The academic landscape of artificial intelligence is undergoing a quiet but violent restructuring, according to a recent essay titled "AI research is dead, long live AI." The piece, inspired by Mike Cook’s September 2026 article "Why I love AI," argues that the field has abandoned fundamental scientific inquiry in favor of application-layer tinkering. For developers and infrastructure engineers, this shift is not just philosophical; it represents a collapse of the rigorous algorithmic foundations that once defined computer science departments.

The Collapse of NLP and Operations Research

The author, writing from a background in informatics and operations research, highlights a critical disconnect in how we categorize modern computing. Historically, fields like natural language processing (NLP) and route optimization were distinct disciplines with their own mathematical rigor. Today, the essay contends, NLP has been "completely hollowed out and replaced by three LLMs in a trenchcoat." This metaphorical trenchcoat hides the fact that specialized subtopics like natural language understanding (NLU) and automatic speech recognition (ASR) are now merely components of a larger, monolithic AI stack, while classical syntax parsing and semantic tagging are discarded as vestigial symbolic methods.

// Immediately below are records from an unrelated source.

(* For every $y\in I$ and $\varrho\in(\omega^{\min},\omega^{\max})$ let $\widehat\mu^\varrho(y)=\frac1{\mathbf{Var}^\varrho(\omega)}\sum_{z=y+1}^{\omega^{\max}}(z-\varrho)\mu^\varrho(z)$. Then the family of probability measures $\widehat\mu^\varrho$ on $I$ is stochastically nondecreasing in $\varrho$: for every bounded nondecreasing $\varphi:I\to\mathbb R$, $\varrho\mapsto\sum_{y\in I}\varphi(y)\widehat\mu^\varrho(y)$ is nondecreasing on $(\omega^{\min},\omega^{\max})$.
   Context: Fix extended integers $-\infty\le\omega^{\min}\le0$, $1\le\omega^{\max}\le\infty$ and $I=\{z\in\mathbb Z:\omega^{\min}-1<z<\omega^{\max}+1\}$. Let $f:I\to[0,\infty)$ be nondecreasing with $f(\omega^{\min})=0$ if $\omega^{\min}$ is finite and $f(z)>0$ for $z>\omega^{\min}$. Set $f(0)!=1$, $f(z)!=\prod_{y=1}^zf(y)$ for $z>0$, $f(z)!=1/\prod_{y=z+1}^0f(y)$ for $z<0$. Let $\bar\theta=\lim_{z\to\infty}\log f(z)$ if $\omega^{\max}=\infty$, $\bar\theta=\infty$ otherwise; $\underline\theta=\lim_{z\to\infty}\log f(-z)$ if $\omega^{\min}=-\infty$, $\underline\theta=-\infty$ otherwise; assume $\underline\theta<\bar\theta$. For $\theta\in(\underline\theta,\bar\theta)$, $Z(\theta)=\sum_{z\in I}e^{\theta z}/f(z)!<\infty$ and $\mu^\theta(z)=e^{\theta z}/(Z(\theta)f(z)!)$, $z\in I$. The mean $\varrho(\theta)=\sum_zz\mu^\theta(z)$ is a strictly increasing bijection $(\underline\theta,\bar\theta)\to(\omega^{\min},\omega^{\max})$; $\mu^\varrho$ denotes $\mu^{\theta(\varrho)}$ and $\mathbf{Var}^\varrho(\omega)$ the variance of a $\mu^\varrho$-distributed $\omega$. *)

theory Defs
  imports "HOL-Analysis.Analysis"
begin

text \<open>Extended integers omega_min, omega_max are modelled as extended reals
  that are either infinite or integer-valued.\<close>

definition Iset :: "ereal \<Rightarrow> ereal \<Rightarrow> int set" where
  "Iset wmin wmax = {z. wmin - 1 < ereal (real_of_int z) \<and> ereal (real_of_int z) < wmax + 1}"

definition ffact :: "(int \<Rightarrow> real) \<Rightarrow> int \<Rightarrow> real" where
  "ffact f z = (if 0 \<le> z then (\<Prod>y\<in>{1..z}. f y) else 1 / (\<Prod>y\<in>{z+1..0}. f y))"

definition theta_sup :: "ereal \<Rightarrow> (int \<Rightarrow> real) \<Rightarrow> ereal" where
  "theta_sup wmax f = (if wmax = \<infinity> then lim (\<lambda>n::nat. ereal (ln (f (int n)))) else \<infinity>)"

definition theta_inf :: "ereal \<Rightarrow> (int \<Rightarrow> real) \<Rightarrow> ereal" where
  "theta_inf wmin f = (if wmin = -\<infinity> then lim (\<lambda>n::nat. ereal (ln (f (- int n)))) else -\<infinity>)"

definition Zpart :: "ereal \<Rightarrow> ereal \<Rightarrow> (int \<Rightarrow> real) \<Rightarrow> real \<Rightarrow> real" where
  "Zpart wmin wmax f \<theta> = (\<Sum>\<^sub>\<infinity>z\<in>Iset wmin wmax. exp (\<theta> * real_of_int z) / ffact f z)"

definition mu_theta :: "ereal \<Rightarrow> ereal \<Rightarrow> (int \<Rightarrow> real) \<Rightarrow> real \<Rightarrow> int \<Rightarrow> real" where
  "mu_theta wmin wmax f \<theta> z = exp (\<theta> * real_of_int z) / (Zpart wmin wmax f \<theta> * ffact f z)"

definition mean_theta :: "ereal \<Rightarrow> ereal \<Rightarrow> (int \<Rightarrow> real) \<Rightarrow> real \<Rightarrow> real" where
  "mean_theta wmin wmax f \<theta> = (\<Sum>\<^sub>\<infinity>z\<in>Iset wmin wmax. real_of_int z * mu_theta wmin wmax f \<theta> z)"

text \<open>theta(rho): the inverse of the (strictly increasing, bijective) mean map.\<close>
definition theta_of :: "ereal \<Rightarrow> ereal \<Rightarrow> (int \<Rightarrow> real) \<Rightarrow> real \<Rightarrow> real" where
  "theta_of wmin wmax f \<rho> = (THE \<theta>. theta_inf wmin f < ereal \<theta> \<and> ereal \<theta> < theta_sup wmax f
       \<and> mean_theta wmin wmax f \<theta> = \<rho>)"

definition mu_rho :: "ereal \<Rightarrow> ereal \<Rightarrow> (int \<Rightarrow> real) \<Rightarrow> real \<Rightarrow> int \<Rightarrow> real" where
  "mu_rho wmin wmax f \<rho> z = mu_theta wmin wmax f (theta_of wmin wmax f \<rho>) z"

definition var_rho :: "ereal \<Rightarrow> ereal \<Rightarrow> (int \<Rightarrow> real) \<Rightarrow> real \<Rightarrow> real" where
  "var_rho wmin wmax f \<rho> = (\<Sum>\<^sub>\<infinity>z\<in>Iset wmin wmax. (real_of_int z - \<rho>)^2 * mu_rho wmin wmax f \<rho> z)"

definition muhat :: "ereal \<Rightarrow> ereal \<Rightarrow> (int \<Rightarrow> real) \<Rightarrow> real \<Rightarrow> int \<Rightarrow> real" where
  "muhat wmin wmax f \<rho> y = (1 / var_rho wmin wmax f \<rho>) *
     (\<Sum>\<^sub>\<infinity>z\<in>{z\<in>Iset wmin wmax. y < z}. (real_of_int z - \<rho>) * mu_rho wmin wmax f \<rho> z)"

end

theory Submission
  imports Defs
begin

text \<open>Write \<open>\<mu>\<^sup>\<rho>\<close> as the exponential tilt \<open>\<mu>\<^sup>\<theta>\<close> with \<open>\<theta> = \<theta>(\<rho>)\<close> and let \<open>\<Phi>\<close> be the
  discrete antiderivative of \<open>\<phi>\<close>. Because \<open>\<rho>\<close> is the mean of \<open>\<mu>\<^sup>\<theta>\<close>, summation by parts
  turns the expectation of \<open>\<phi>\<close> under \<open>\<mu>\<^sup>\<rho>\<close>-hat into the regression slope
  \<open>Cov(\<omega>, \<Phi>(\<omega>)) / Var(\<omega>)\<close> under \<open>\<mu>\<^sup>\<theta>\<close>. As \<open>\<theta>(\<rho>)\<close> is nondecreasing, it suffices that
  this slope is nondecreasing in \<open>\<theta>\<close>. Its derivative is \<open>E[q(\<omega>) \<Phi>(\<omega>)] / D\<^sup>2\<close> for the
  quadratic \<open>q(z) = D (z - m)\<^sup>2 - \<kappa> (z - m) - D\<^sup>2\<close>, where \<open>m\<close>, \<open>D\<close>, \<open>\<kappa>\<close> are the mean,
  variance and third central moment. The quadratic \<open>q\<close> is orthogonal to affine functions and
  has real roots \<open>r\<^sub>1 \<le> r\<^sub>2\<close>; since \<open>\<Phi>\<close> is convex, some affine \<open>\<ell>\<close> lies below \<open>\<Phi>\<close> outside
  \<open>[r\<^sub>1, r\<^sub>2]\<close> and above it inside, so \<open>E[q \<Phi>] = E[q (\<Phi> - \<ell>)] \<ge> 0\<close>.

  That \<open>\<theta>(\<rho>)\<close> exists at all follows from
  \<open>d/d\<theta> (Z(\<theta>) e\<^bsup>-\<rho>\<theta>\<^esup>) = Z(\<theta>) e\<^bsup>-\<rho>\<theta>\<^esup> (mean(\<theta>) - \<rho>)\<close>: if the mean never exceeded \<open>\<rho>\<close>,
  this tilted partition function would stay bounded as \<open>\<theta>\<close> increases, which the growth of the
  weights near the end of the parameter range rules out (and symmetrically below \<open>\<rho>\<close>).\<close>

lemma power_le_exp:
  fixes x :: real
  assumes "0 \<le> x"
  shows "x ^ n \<le> real n ^ n * exp x"
proof (cases "n = 0")
  case False
  hence n: "real n > 0" by simp
  have "x / n \<le> exp (x / n)"
    using exp_ge_add_one_self[of "x / n"] by linarith
  hence "(x / n) ^ n \<le> exp (x / n) ^ n"
    using assms n by (intro power_mono) auto
  also have "\<dots> = exp x"
    using n by (simp add: exp_of_nat_mult[symmetric])
  finally show ?thesis
    using n by (simp add: power_divide field_simps)
qed (use assms in simp)

lemma summable_on_exp_neg_abs:
  fixes a :: real
  assumes "a > 0"
  shows "(\<lambda>z::int. exp (- a * \<bar>real_of_int z\<bar>)) summable_on UNIV"
proof -
  have "exp (- a * real n) = exp (- a) ^ n" for n
    by (simp add: exp_of_nat_mult[symmetric] mult.commute)
  hence geometric: "(\<lambda>n::nat. exp (- a * real n)) summable_on UNIV"
    using assms by (intro summable_nonneg_imp_summable_on) (auto intro: summable_geometric)
  have "(\<lambda>z::int. exp (- a * \<bar>real_of_int z\<bar>)) summable_on range int"
    "(\<lambda>z::int. exp (- a * \<bar>real_of_int z\<bar>)) summable_on range (\<lambda>n. - int n)"
    by (subst summable_on_reindex; use geometric in \<open>simp add: o_def inj_on_def\<close>)+
  moreover have "(UNIV :: int set) = range int \<union> range (\<lambda>n. - int n)"
    by (auto intro: range_eqI[of _ _ "nat _"] simp: image_def) presburger
  ultimately show ?thesis
    by (metis summable_on_union)
qed
lemma GDERIV_Upot:
  assumes i: "i < N"
  shows "GDERIV (\<lambda>z. Upot V W eps N (x(i := z))) (x i) :> gradU N x i"
proof -
  have pairs_sum: "(\<Sum>k<N. \<Sum>j<N. (if k = i then gradW1 (x i) (x j) else 0)
      + (if j = i then gradW1 (x i) (x k) else 0)) = 2 *\<^sub>R (\<Sum>j<N. gradW1 (x i) (x j))"
  proof -
    have "(\<Sum>k<N. \<Sum>j<N. if k = i then gradW1 (x i) (x j) else 0)
        = (\<Sum>k<N. if k = i then (\<Sum>j<N. gradW1 (x i) (x j)) else 0)"
      by (rule sum.cong) auto
    then show ?thesis
      using i by (simp add: sum.distrib scaleR_2)
  qed
  have "GDERIV (\<lambda>z. Upot V W eps N (x(i := z))) (x i) :>
     (\<Sum>k<N. (if k = i then gradV (x i) else 0) + (eps / (2 * real N)) *\<^sub>R
        (\<Sum>j<N. (if k = i then gradW1 (x i) (x j) else 0) + (if j = i then gradW1 (x i) (x k) else 0)))"
    unfolding Upot_def
    by (intro GDERIV_sum GDERIV_add GDERIV_cmult GDERIV_W_update) (simp add: gradV GDERIV_const)
  also have "\<dots> = gradV (x i) + (eps / (2 * real N)) *\<^sub>R (2 *\<^sub>R (\<Sum>j<N. gradW1 (x i) (x j)))"
    using i
    unfolding sum.distrib[of "\<lambda>k. if k = i then gradV (x i) else 0"] scaleR_sum_right[symmetric]
      pairs_sum
    by simp
  also have "\<dots> = gradU N x i"
    by (simp add: Upot_partial_grad_def)
  finally show ?thesis .
qed

lemma Upot_partial_grad_lipschitz:
  assumes i: "i < N"
  shows "norm (gradU N x i - gradU N y i)
     \<le> (L + eps * Lt) * norm (x i - y i) + eps * Lt * ((\<Sum>j<N. norm (x j - y j)) / N)"
proof -
  have N: "real N > 0"
    using i by simp
  define G where "G = (\<Sum>j<N. gradW1 (x i) (x j) - gradW1 (y i) (y j))"
  have "norm G \<le> (\<Sum>j<N. Lt * (norm (x i - y i) + norm (x j - y j)))"
    unfolding G_def by (rule order_trans[OF norm_sum sum_mono]) (rule gradW1_lipschitz)
  also have "\<dots> = N * Lt * norm (x i - y i) + Lt * (\<Sum>j<N. norm (x j - y j))"
    by (simp add: distrib_left sum.distrib sum_distrib_left)
  finally have interaction: "norm G \<le> N * Lt * norm (x i - y i) + Lt * (\<Sum>j<N. norm (x j - y j))" .
  have "gradU N x i - gradU N y i = (gradV (x i) - gradV (y i)) + (eps / N) *\<^sub>R G"
    by (simp add: Upot_partial_grad_def G_def sum_subtractf scaleR_diff_right)
  then have "norm (gradU N x i - gradU N y i)
      \<le> norm (gradV (x i) - gradV (y i)) + norm ((eps / N) *\<^sub>R G)"
    by (simp only: norm_triangle_ineq)
  also have "\<dots> = norm (gradV (x i) - gradV (y i)) + eps / N * norm G"
    using eps_nonneg by simp
  also have "\<dots> \<le> L * norm (x i - y i)
      + eps / N * (N * Lt * norm (x i - y i) + Lt * (\<Sum>j<N. norm (x j - y j)))"
    using gradV_lipschitz interaction eps_nonneg by (intro add_mono mult_left_mono) auto
  also have "\<dots> = (L + eps * Lt) * norm (x i - y i) + eps * Lt * ((\<Sum>j<N. norm (x j - y j)) / N)"
    using N by (simp add: field_simps)
  finally show ?thesis .
qed
lemma Wp_less_imp_coupling:
  fixes \<mu> \<nu> :: "'a::polish_space measure"
  assumes "\<mu> \<in> Pp p" "\<nu> \<in> Pp p" "0 < p" "Wp p \<mu> \<nu> < r"
  shows "\<exists>\<gamma>\<in>couplings \<mu> \<nu>. transport_cost p \<gamma> < ennreal (r powr p)"
proof -
  let ?I = "INF \<gamma>\<in>couplings \<mu> \<nu>. transport_cost p \<gamma>"
  have "\<mu> \<Otimes>\<^sub>M \<nu> \<in> couplings \<mu> \<nu>"
    using assms(1,2) by (intro pair_measure_couplings) (auto simp: Pp_def prob_measures_def)
  then have "?I < \<infinity>"
    using transport_cost_couplings_finite[OF assms(1,2)] assms(3) by (meson INF_lower le_less_trans less_imp_le)
  then obtain c where c: "?I = ennreal c" "0 \<le> c" by (cases ?I) auto
  have "c = (c powr (1/p)) powr p" using c(2) assms(3) by (simp add: powr_powr)
  also have "\<dots> < r powr p"
    using assms(3,4) c by (intro powr_less_mono2) (auto simp: Wp_transport_cost)
  finally have "?I < ennreal (r powr p)" using c by (metis ennreal_lessI le_less_trans)
  then show ?thesis by (simp add: INF_less_iff)
qed

lemma transport_cost_integrable:
  fixes \<gamma> :: "('a::polish_space \<times> 'a) measure"
  assumes "sets \<gamma> = sets borel" "transport_cost p \<gamma> < \<infinity>"
  shows "integrable \<gamma> (\<lambda>z. dist (fst z) (snd z) powr p)"
    and "transport_cost p \<gamma> = ennreal (\<integral>z. dist (fst z) (snd z) powr p \<partial>\<gamma>)"
proof -
  have "(\<lambda>z. dist (fst z) (snd z) powr p) \<in> borel_measurable \<gamma>"
    unfolding measurable_cong_sets[OF assms(1) refl]
    by (intro powr_real_measurable borel_measurable_continuous_onI continuous_intros)
  then show int: "integrable \<gamma> (\<lambda>z. dist (fst z) (snd z) powr p)"
    using assms(2) by (intro integrableI_bounded) (simp_all add: transport_cost_def)
  show "transport_cost p \<gamma> = ennreal (\<integral>z. dist (fst z) (snd z) powr p \<partial>\<gamma>)"
    unfolding transport_cost_def using int by (intro nn_integral_eq_integral) auto
qed

lemma abs_diff_le_near_compact:
  fixes f :: "'a::metric_space \<Rightarrow> real"
  assumes bound: "\<And>x. \<bar>f x\<bar> \<le> M" and "0 < d" "0 \<le> p" "0 \<le> e"
    and near: "x \<in> K \<Longrightarrow> dist x y < d \<Longrightarrow> \<bar>f x - f y\<bar> < e"
  shows "\<bar>f x - f y\<bar> \<le> e + 2*M * indicator (- K) x + 2*M / d powr p * dist x y powr p"
proof -
  have "0 \<le> M" using bound[of x] by linarith
  then have far: "0 \<le> 2*M / d powr p * dist x y powr p" and "0 \<le> 2*M * indicator (- K) x"
    by simp_all
  have diff: "\<bar>f x - f y\<bar> \<le> 2*M" using bound[of x] bound[of y] by linarith
  consider "x \<notin> K" | "x \<in> K" "dist x y < d" | "d \<le> dist x y" by fastforce
  then show ?thesis
  proof cases
    case 1
    then have "2*M * indicator (- K) x = 2*M" by simp
    then show ?thesis using diff far \<open>0 \<le> e\<close> by linarith
  next
    case 2
    then show ?thesis using near far \<open>0 \<le> 2*M * indicator (- K) x\<close> by linarith
  next
    case 3
    then have "2*M * d powr p \<le> 2*M * dist x y powr p"
      using \<open>0 \<le> M\<close> \<open>0 < d\<close> \<open>0 \<le> p\<close> by (intro mult_left_mono powr_mono2) auto
    then have "2*M \<le> 2*M / d powr p * dist x y powr p"
      using \<open>0 < d\<close> by (simp add: field_simps)
    then show ?thesis using diff \<open>0 \<le> e\<close> \<open>0 \<le> 2*M * indicator (- K) x\<close> by linarith
  qed
qed
(* Let $(\nu_n)_{n=1}^\infty$ be an increasing sequence of positive integers and let $\alpha=\liminf_{n\to\infty}\frac{\nu_n}{n}\in[0,\infty]$. Let \[F((\nu_n)_{n=1}^\infty)=\{x\in J\colon a_{n}(x),\ldots,a_{n+\nu_n-1}(x)\ \text{is an arithmetic progression for infinitely many}\ n\geq1\}.\] Then $\dim_{\rm H} F((\nu_n)_{n=1}^\infty)\le \frac{1}{2(1+\alpha)}$ (interpreted as $0$ when $\alpha=\infty$).
   Context: Every irrational $x\in(0,1)$ has a regular continued fraction expansion with partial quotients $a_n(x)\in\mathbb N$, $n\ge1$. $J=\{x\in(0,1)\setminus\mathbb Q\colon a_n(x)<a_{n+1}(x)\text{ for every }n\ge1\}$. $\dim_{\rm H}$ denotes Hausdorff dimension in $[0,1]$. *)

theory Defs
  imports "HOL-Analysis.Analysis"
begin

definition gauss_map :: "real \<Rightarrow> real" where
  "gauss_map x = frac (1 / x)"

definition cf_a :: "nat \<Rightarrow> real \<Rightarrow> nat" where
  "cf_a n x = nat \<lfloor>1 / ((gauss_map ^^ (n - 1)) x)\<rfloor>"

definition J_set :: "real set" where
  "J_set = {x. 0 < x \<and> x < 1 \<and> x \<notin> \<rat> \<and> (\<forall>n\<ge>1. cf_a n x < cf_a (Suc n) x)}"

definition cf_AP :: "real \<Rightarrow> nat \<Rightarrow> nat \<Rightarrow> bool" where
  "cf_AP x n m \<longleftrightarrow> (\<exists>d::int. \<forall>i<m. int (cf_a (n + i) x) = int (cf_a n x) + int i * d)"

definition F_set :: "(nat \<Rightarrow> nat) \<Rightarrow> real set" where
  "F_set \<nu> = {x \<in> J_set. infinite {n. n \<ge> 1 \<and> cf_AP x n (\<nu> n)}}"

definition hausdorff_content :: "real \<Rightarrow> real \<Rightarrow> real set \<Rightarrow> ennreal" where
  "hausdorff_content s \<delta> A =
     (INF C \<in> {C :: nat \<Rightarrow> real set. A \<subseteq> (\<Union>n. C n) \<and>
                 (\<forall>n. bounded (C n) \<and> diameter (C n) \<le> \<delta>)}.
        (\<Sum>n. ennreal (diameter (C n) powr s)))"

definition hausdorff_measure :: "real \<Rightarrow> real set \<Rightarrow> ennreal" where
  "hausdorff_measure s A = (SUP \<delta> \<in> {0<..}. hausdorff_content s \<delta> A)"

definition hausdorff_dim :: "real set \<Rightarrow> real" where
  "hausdorff_dim A = Inf {s. 0 \<le> s \<and> hausdorff_measure s A = 0}"

end

theory Submission
  imports Defs
begin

Prompt Engineering Masquerading as Science

Perhaps the most damning critique is directed at the current volume of academic output. The author estimates that "easily half of AI papers today are 'we created a new agent pipeline to do X human task,'" where an "agent pipeline" is essentially a bag of prompts for a large language model like GPT-n. This reflects a Kuhnian scientific revolution where the paradigm has shifted from inventing new knowledge to merely interpreting the outputs of existing models. The field no longer seeks to understand how intelligence works but rather how to make the models appear to possess that intelligence, a distinction that matters deeply for anyone building reliable, deterministic systems on top of these stochastic engines.

The Eschatological Shift in Funding and Focus

The essay argues that the arrival of ChatGPT in 2022 marked the moment when artificial intelligence transitioned from a future promise to a present reality, fundamentally changing the incentive structure for researchers. Previously, AI research was eschatological, funded by the promise of a future artificial general intelligence (AGI). Now that the "Messiah" has arrived in the form of believable chatbots, the role of the researcher has shifted to that of a priest interpreting the "stochastic oracles." This shift has led to a focus on keeping the models fed and warning of existential risks, rather than solving the hard engineering problems of optimization and resource management that define robust infrastructure.

Key Takeaways

  • Modern AI research is increasingly dominated by prompt engineering pipelines rather than foundational algorithmic innovation.
  • NLP has been subsumed by LLMs, causing classical linguistic methods to be marginalized as "computational linguistics."
  • The field’s focus has shifted from creating new knowledge to interpreting the outputs of existing large models.
  • Operations research and route optimization are increasingly viewed as distinct from the "AI" hype cycle, despite historical ties.

The Bottom Line

If you are building production systems, don't confuse the academic hype cycle with engineering reality. The "AI research" boom is largely a service layer for interpreting stochastic models, leaving the hard work of optimization and infrastructure to those who actually care about performance and cost.